Exercise brief
Check every line of the entries for the string "shows" and return the ones that contain it.

Collected data entries
########

lemma expectation_iid_code_sample_mean_variance_le:
  fixes f :: "'x \<Rightarrow> real"
  assumes "0 < M" and f: "\<And>x. 0 \<le> f x" "\<And>x. f x \<le> B"
  shows "measure_pmf.expectation (iid_code M p) (\<lambda>\<omega>. (sample_mean M f \<omega> - measure_pmf.expectation p f)\<^sup>2)
         \<le> measure_pmf.expectation p (\<lambda>x. (f x)\<^sup>2) / M"
proof -
  define m where "m = measure_pmf.expectation p f"
  define v where "v = measure_pmf.expectation p (\<lambda>x. (f x)\<^sup>2)"
  have bounded: "\<bar>f x\<bar> \<le> B" for x using f[of x] by simp
  have int: "integrable (measure_pmf (iid_code M p)) (\<lambda>\<omega>. (f (\<omega> i) - m) * (f (\<omega> j) - m))" for i j
    by (rule measure_pmf.integrable_const_bound[where B = "(B + \<bar>m\<bar>) * (B + \<bar>m\<bar>)"])
       (use bounded in \<open>auto simp: abs_mult intro!: mult_mono' abs_triangle_ineq4[THEN order_trans]\<close>)
  have square: "((\<Sum>i<M. f (\<omega> i)) / M - m)\<^sup>2
      = (\<Sum>i<M. \<Sum>j<M. (f (\<omega> i) - m) * (f (\<omega> j) - m)) / (M * M)" for \<omega>
  proof -
    have "(\<Sum>i<M. f (\<omega> i)) / M - m = (\<Sum>i<M. f (\<omega> i) - m) / M"
      using assms(1) by (simp add: sum_subtractf field_simps)
    then show ?thesis by (simp add: power2_eq_square sum_product)
  qed
  have "measure_pmf.expectation (iid_code M p) (\<lambda>\<omega>. ((\<Sum>i<M. f (\<omega> i)) / M - m)\<^sup>2)
      = (\<Sum>i<M. \<Sum>j<M. measure_pmf.expectation (iid_code M p) (\<lambda>\<omega>. (f (\<omega> i) - m) * (f (\<omega> j) - m))) / (M * M)"
    unfolding square using int by simp
  also have "\<dots> = (\<Sum>i<M. \<Sum>j<M. if i = j then v - m\<^sup>2 else 0) / (M * M)"
    by (intro arg_cong[where f = "\<lambda>t. t / _"] sum.cong refl)
       (simp add: expectation_iid_code_centered_products[where f = f and p = p, OF _ _ f, folded m_def v_def])
  also have "\<dots> = (v - m\<^sup>2) / M"
    using assms(1) by simp
  also have "\<dots> \<le> v / M"
    by (simp add: divide_right_mono)
  finally show ?thesis by (simp add: m_def v_def sample_mean_def)
qed

lemma expectation_iid_code_abs_sample_mean_deviation_le:
  fixes f :: "'x \<Rightarrow> real"
  assumes "0 < M" and f: "\<And>x. 0 \<le> f x" "\<And>x. f x \<le> 1" and "0 < c" "0 < r"
  shows "measure_pmf.expectation (iid_code M p) (\<lambda>\<omega>. \<bar>sample_mean M f \<omega> - measure_pmf.expectation p f\<bar>)
         \<le> (c * (measure_pmf.expectation p (\<lambda>x. (f x)\<^sup>2) / M) / r + r / c) / 2"
proof -
  have "\<bar>sample_mean M f \<omega> - measure_pmf.expectation p f\<bar> \<le> 1" for \<omega>
    by (rule abs_sample_mean_minus_expectation_le_1[where f = f, OF assms(1) f])
  then have "measure_pmf.expectation (iid_code M p) (\<lambda>\<omega>. \<bar>sample_mean M f \<omega> - measure_pmf.expectation p f\<bar>)
      \<le> (c * measure_pmf.expectation (iid_code M p)
              (\<lambda>\<omega>. (sample_mean M f \<omega> - measure_pmf.expectation p f)\<^sup>2) / r + r / c) / 2"
    by (rule expectation_abs_le_AM_GM[OF _ assms(4,5)])
  also have "\<dots> \<le> (c * (measure_pmf.expectation p (\<lambda>x. (f x)\<^sup>2) / M) / r + r / c) / 2"
    using expectation_iid_code_sample_mean_variance_le[where f = f, OF assms(1) f] assms(4,5)
    by (intro divide_right_mono add_right_mono mult_left_mono) auto
  finally show ?thesis .
qed

locale random_code =
  fixes W :: "'x \<Rightarrow> 'y::countable pmf" and p :: "'x pmf" and M :: nat
  assumes M_pos: "0 < M"
begin

abbreviation w :: "'x \<Rightarrow> 'y \<Rightarrow> real" where "w x y \<equiv> pmf (W x) y"
abbreviation P :: "'y \<Rightarrow> real" where "P y \<equiv> Wp p W y"
abbreviation Q :: "(nat \<Rightarrow> 'x) pmf" where "Q \<equiv> iid_code M p"

lemma P_eq_pmf_bind: "P y = pmf (bind_pmf p W) y"
  using expectation_eq_infsum_pmf[of "\<lambda>x. w x y" 1 p] by (simp add: Wp_def pmf_bind pmf_le_1)

lemma P_eq_expectation: "P y = measure_pmf.expectation p (\<lambda>x. w x y)"
  by (simp add: P_eq_pmf_bind pmf_bind)

lemma P_nonneg: "0 \<le> P y" and P_le_1: "P y \<le> 1"
  by (simp_all add: P_eq_pmf_bind pmf_le_1)

lemma summable_on_P: "P summable_on A" and infsum_P: "(\<Sum>\<^sub>\<infinity>y. P y) = 1"
  by (simp_all add: P_eq_pmf_bind[abs_def] summable_on_pmf infsum_pmf_eq_1)

lemma P_pos_iff: "0 < P y \<longleftrightarrow> P y \<noteq> 0"
  using P_nonneg[of y] by linarith

lemma P_pos_if_w_pos:
  assumes "x \<in> set_pmf p" "0 < w x y"
  shows "0 < P y"
proof -
  have "y \<in> set_pmf (W x)" using assms(2) by (simp add: set_pmf_iff)
  then have "y \<in> set_pmf (bind_pmf p W)" using assms(1) by auto
  then show ?thesis by (simp add: P_eq_pmf_bind pmf_positive)
qed

definition q_code :: "(nat \<Rightarrow> 'x) \<Rightarrow> 'y \<Rightarrow> real" where
  "q_code \<omega> y = (\<Sum>i<M. w (\<omega> i) y) / M"

lemma code_out_eq_q_code: "code_out W (map \<omega> [0..<M]) = q_code \<omega>"
  by (auto simp: code_out_def q_code_def fun_eq_iff intro!: sum.cong)

lemma q_code_eq_pmf: "q_code \<omega> y = pmf (bind_pmf (pmf_of_set {..<M}) (\<lambda>i. W (\<omega> i))) y"
  using integral_pmf_of_set[of "{..<M}" "\<lambda>i. w (\<omega> i) y"] M_pos by (simp add: q_code_def pmf_bind lessThan_empty_iff)

lemma q_code_nonneg: "0 \<le> q_code \<omega> y" and q_code_le_1: "q_code \<omega> y \<le> 1"
  by (simp_all add: q_code_eq_pmf pmf_le_1)

lemma summable_on_q_code: "q_code \<omega> summable_on A" and infsum_q_code: "(\<Sum>\<^sub>\<infinity>y. q_code \<omega> y) = 1"
  by (simp_all add: q_code_eq_pmf[abs_def] summable_on_pmf infsum_pmf_eq_1)

lemma w_le_M_q_code: "i < M \<Longrightarrow> w (\<omega> i) y \<le> M * q_code \<omega> y"
  using M_pos member_le_sum[of i "{..<M}" "\<lambda>i. w (\<omega> i) y"] by (simp add: q_code_def)

lemma P_pos_if_q_code_pos:
  assumes "\<omega> \<in> set_pmf Q" "0 < q_code \<omega> y"
  shows "0 < P y"
proof -
  have "\<exists>i<M. 0 < w (\<omega> i) y"
  proof (rule ccontr)
    assume "\<not> ?thesis"
    then have "\<And>i. i < M \<Longrightarrow> w (\<omega> i) y = 0"
      by (meson not_less order_antisym pmf_nonneg)
    then have "q_code \<omega> y = 0" by (simp add: q_code_def)
    then show False using assms(2) by simp
  qed
  then show ?thesis
    using P_pos_if_w_pos iid_code_in_set_pmf[OF assms(1)] by blast
qed

lemma infsum_le_if_le_mult_w:
  fixes h :: "'y \<Rightarrow> real"
  assumes h: "\<And>y. 0 \<le> h y" "\<And>y. h y \<le> K * w x y"
  shows "h summable_on UNIV" and "(\<Sum>\<^sub>\<infinity>y. h y) \<le> K"
proof -
  show summable: "h summable_on UNIV"
    by (rule summable_on_comparison_test[OF summable_on_cmult_right[OF summable_on_pmf]]) (use h in auto)
  have "(\<Sum>\<^sub>\<infinity>y. h y) \<le> (\<Sum>\<^sub>\<infinity>y. K * w x y)"
    by (intro infsum_mono summable summable_on_cmult_right summable_on_pmf h)
  then show "(\<Sum>\<^sub>\<infinity>y. h y) \<le> K"
    by (simp add: infsum_cmult_right' infsum_pmf_eq_1)
qed

lemma infsum_pmf_mult_infsum_swap:
  fixes h :: "'x \<Rightarrow> 'y \<Rightarrow> real"
  assumes h: "\<And>x y. 0 \<le> h x y" "\<And>x y. h x y \<le> K * w x y" and K: "0 \<le> K"
  shows "(\<Sum>\<^sub>\<infinity>x. pmf p x * (\<Sum>\<^sub>\<infinity>y. h x y)) = (\<Sum>\<^sub>\<infinity>y. \<Sum>\<^sub>\<infinity>x. pmf p x * h x y)"
    and "(\<lambda>y. \<Sum>\<^sub>\<infinity>x. pmf p x * h x y) summable_on UNIV"
proof -
  have row_sum: "(\<Sum>\<^sub>\<infinity>y. pmf p x * h x y) = pmf p x * (\<Sum>\<^sub>\<infinity>y. h x y)" for x
    by (simp add: infsum_cmult_right')
  have row_sums: "(\<lambda>x. \<Sum>\<^sub>\<infinity>y. pmf p x * h x y) summable_on UNIV"
    unfolding row_sum
    by (rule summable_on_pmf_mult_bounded[where B = K])
       (use infsum_le_if_le_mult_w[OF h] K h in \<open>simp add: infsum_nonneg\<close>)
  note swap = infsum_swap_nonneg[of "\<lambda>x y. pmf p x * h x y",
      OF _ summable_on_cmult_right[OF infsum_le_if_le_mult_w(1)[OF h]] row_sums, unfolded row_sum]
  show "(\<Sum>\<^sub>\<infinity>x. pmf p x * (\<Sum>\<^sub>\<infinity>y. h x y)) = (\<Sum>\<^sub>\<infinity>y. \<Sum>\<^sub>\<infinity>x. pmf p x * h x y)"
    and "(\<lambda>y. \<Sum>\<^sub>\<infinity>x. pmf p x * h x y) summable_on UNIV"
    using swap h by auto
qed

########

Finished task
  shows "measure_pmf.expectation (iid_code M p) (\<lambda>\<omega>. (sample_mean M f \<omega> - measure_pmf.expectation p f)\<^sup>2)
  shows "measure_pmf.expectation (iid_code M p) (\<lambda>\<omega>. \<bar>sample_mean M f \<omega> - measure_pmf.expectation p f\<bar>)
  shows "0 < P y"
  shows "0 < P y"
  shows "h summable_on UNIV" and "(\<Sum>\<^sub>\<infinity>y. h y) \<le> K"
  shows "(\<Sum>\<^sub>\<infinity>x. pmf p x * (\<Sum>\<^sub>\<infinity>y. h x y)) = (\<Sum>\<^sub>\<infinity>y. \<Sum>\<^sub>\<infinity>x. pmf p x * h x y)"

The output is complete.